Manager: Professor Marjolaine MONOT-FOULETIER
Permanent members: Dr Marion BRIATTA, Dr Marie BUI-LETURCQ, Professor Michel CANNARSA, Dr Carine COPAIN, Dr Sandrine CURSOUX-BRUYÈRE, Dr Tristan GIRARD GAYMARD, Dr Camille KUREK, Professor Roger KOUDE, Dr Frédérique LONGÈRE, Dr Djoleen MOYA, Dr Louis-Daniel MUKA TSHIBENDE, Dr Marc OLLIVIER, Dr Alexandre PALANCO, Dr Cécile PELLEGRINI, Dr Carole PETIT, Dr Yann SACCUCCI, , Dr Aude THEVAND, Dr Emmanuel DE VAUJANY, Dr. Flora VERN, Professor Franck VIOLET, Dr Noam ZAMIR
Fellow members: Professor Pascale BOUCAUD (Honorary Professor of UCLy), Dr Iony RANDRIANIRINA (Université de Lorraine), Dr Giulia TERLIZZI (Università degli Studi di Torino)
Disciplines involved: Private Law and Criminal Sciences, Public Law, History of Law, Political Sciences
Topic and goals
This group brings researchers working on legal, political and social sciences together to give a multidisciplinary dimension to the research undertaken and enable researchers to compare and make use of the complementarity of different methods applied to complex subjects.
The group’s originality lies in the use of observational research (work on vulnerability - incarcerated women and
law on foreign nationals in particular) based on our courses, research that is both experimental and foresightbased (legal clinics looking at law on new technologies and environmental law) and pure research (based on the development of seminar and/or lecture series ending with a symposium then edited publications, for example in international business and investment law).

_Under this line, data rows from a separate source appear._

text \<open>The \<open>\<and>\<close> end \<open>j\<close> of the cap is a beta number of \<open>\<lambda>\<^sup>\<bullet>\<close> above those of
  \<open>\<mu>\<^sup>\<bullet>\<close>, and the crosses of \<open>\<mu>\<close> include its first \<open>m + 1\<close> beta numbers.\<close>
lemma almost_cross_psize_fst_add_two_le:
  fixes m n :: nat and \<delta> :: "'a::field_char_0"
  defines "\<delta> \<equiv> of_int (int m - int n)"
  assumes ac: "almost_cross m n u" and l: "is_bipartition l"
    and up: "weight l \<delta> j = Up" and down: "weight u \<delta> j = Down"
    and Cr: "\<forall>k. weight u \<delta> k = Cr \<longrightarrow> weight l \<delta> k = Cr"
  shows "psize (fst u) + 2 \<le> psize (fst l)"
proof (rule psize_add_two_le_if_betas_mem)
  show "is_partition (fst l)" using l unfolding is_bipartition_def by blast
  show "is_partition (fst u)" using ac unfolding almost_cross_def is_bipartition_def by blast
  show "\<forall>r>m. fst u r = 0" using almost_cross_fst_eq_0[OF ac] by blast
  show "j \<in> range (beta_seq (fst l))"
    using up unfolding \<delta>_def weight_of_int I_up_eq_range by (auto split: if_splits)
  have "fst u 0 \<le> n + 1" using almost_cross_sum_eq[OF ac, of 0] by simp
  then show "beta_seq (fst u) 0 < j"
    using almost_cross_weight_Down[OF ac down[unfolded \<delta>_def]] unfolding beta_seq_def by linarith
  show "\<forall>r\<le>m. beta_seq (fst u) r \<in> range (beta_seq (fst l))"
  proof (intro allI impI)
    fix r assume "r \<le> m"
    then have "weight l \<delta> (beta_seq (fst u) r) = Cr"
      using Cr almost_cross_weight_Cr[OF ac] unfolding \<delta>_def by blast
    then show "beta_seq (fst u) r \<in> range (beta_seq (fst l))"
      unfolding \<delta>_def weight_of_int I_up_eq_range by (auto split: if_splits)
  qed
qed

lemma almost_cross_caps_empty:
  assumes "almost_cross m n u"
  shows "caps (weight u (of_int (int m - int n) :: 'a::field_char_0)) = {}"
  using caps_Down_Up almost_cross_weight_Up[OF assms, where 'a = 'a]
    almost_cross_weight_Down[OF assms, where 'a = 'a]
  by fastforce

lemma almost_cross_bsize_add_four_le_if_linked:
  fixes m n :: nat and \<delta> :: "'a::field_char_0"
  defines "\<delta> \<equiv> of_int (int m - int n)"
  assumes ac: "almost_cross m n u" and l: "is_bipartition l"
    and linked: "linked (weight u \<delta>) (weight l \<delta>)" and ne: "weight u \<delta> \<noteq> weight l \<delta>"
  shows "bsize u + 4 \<le> bsize l"
proof -
  define d where "d = int m - int n"
  obtain i j where "weight l \<delta> i = Down" "weight l \<delta> j = Up"
      "weight u \<delta> i = Up" "weight u \<delta> j = Down"
    using linked_obtains_cap[OF linked ne] by metis
  moreover have Cr: "\<forall>k. weight u \<delta> k = Cr \<longrightarrow> weight l \<delta> k = Cr"
    using linked linked_Cr by blast
  ultimately have "psize (fst u) + 2 \<le> psize (fst l)"
    using almost_cross_psize_fst_add_two_le[OF ac l] unfolding \<delta>_def by blast
  moreover have "psize (snd u) + 2 \<le> psize (snd l)"
  proof -
    have "\<forall>k. weight (prod.swap u) (of_int d :: 'a) k = Cr
              \<longrightarrow> weight (prod.swap l) (of_int d :: 'a) k = Cr"
      using Cr unfolding \<delta>_def d_def[symmetric] by (simp add: weight_swap)
    then show ?thesis
      using almost_cross_psize_fst_add_two_le[of m n "prod.swap u" "prod.swap l" "1 - d - i",
          where 'a = 'a]
        ac l \<open>weight l \<delta> i = Down\<close> \<open>weight u \<delta> i = Up\<close>
      unfolding \<delta>_def weight_swap d_def by (simp add: almost_cross_swap is_bipartition_def)
  qed
  ultimately show ?thesis unfolding bsize_def by simp
qed

theorem corollary2p8:
  fixes m n :: nat and l u :: bipartition
  assumes "is_bipartition l" and "is_bipartition u"
  shows "(almost_cross m n l \<longrightarrow> u \<noteq> l \<longrightarrow>
            Dcoef l u (of_int (int m - int n) :: 'a::field_char_0) = 0)
       \<and> (almost_cross m n u \<longrightarrow> \<not> (l = u \<or> bsize l > bsize u + 2) \<longrightarrow>
            Dcoef l u (of_int (int m - int n) :: 'a) = 0)"
proof -
  define \<delta> where "\<delta> = (of_int (int m - int n) :: 'a)"
  have weights_differ: "weight u \<delta> \<noteq> weight l \<delta>" if "u \<noteq> l"
    using that bipartition_eq_if_weight_eq[OF assms(2,1)] unfolding \<delta>_def by blast
  show ?thesis
  proof (intro conjI impI)
    assume "almost_cross m n l" and "u \<noteq> l"
    then have "\<not> linked (weight u \<delta>) (weight l \<delta>)"
      using almost_cross_caps_empty linked_obtains_cap weights_differ unfolding \<delta>_def
      by (metis empty_iff)
    then show "Dcoef l u (of_int (int m - int n) :: 'a) = 0" by (simp add: Dcoef_def \<delta>_def)
  next
    assume "almost_cross m n u" and "\<not> (l = u \<or> bsize l > bsize u + 2)"
    then have "\<not> linked (weight u \<delta>) (weight l \<delta>)"
      using almost_cross_bsize_add_four_le_if_linked[OF _ assms(1)] weights_differ
      unfolding \<delta>_def by fastforce
    then show "Dcoef l u (of_int (int m - int n) :: 'a) = 0" by (simp add: Dcoef_def \<delta>_def)
  qed
qed

end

It can also be seen in the international dimension to the research, through an extensive network of partnerships with foreign universities. The research and events related to business law have mostly been done in English in order to give them a fully international dimension in terms of contributions (foreign academics and practitioners) and dissemination (publication in European journals and by international publishers such as Cambridge University Press).
Flagship project for 2020-2025
‘Changes and regulations’
Law being both a product and a driver of changes, it seems appropriate to analyse how the relationships
between law and changes raise essential political, social and economic considerations and, at the same time, bring risks of crisis and hope for progress.
One aspect will be engaging in a critical analysis to draw up a list of changes and put them into context, a cross-disciplinary context where appropriate, in order to reveal the existence or absence of cross-over and/or consistency of the phenomena observed, beyond their mere definition for example. This complex operation will involve identifying cross-disciplinary themes (the role of judges, elected representatives and individual will, the weakening of individual rights, etc.), drafting assessment criteria for the expected changes and formulating a method for examining these changes. This critical analysis is intended to lead to identification of the trends and conditions governing the combination ‘changes and law'.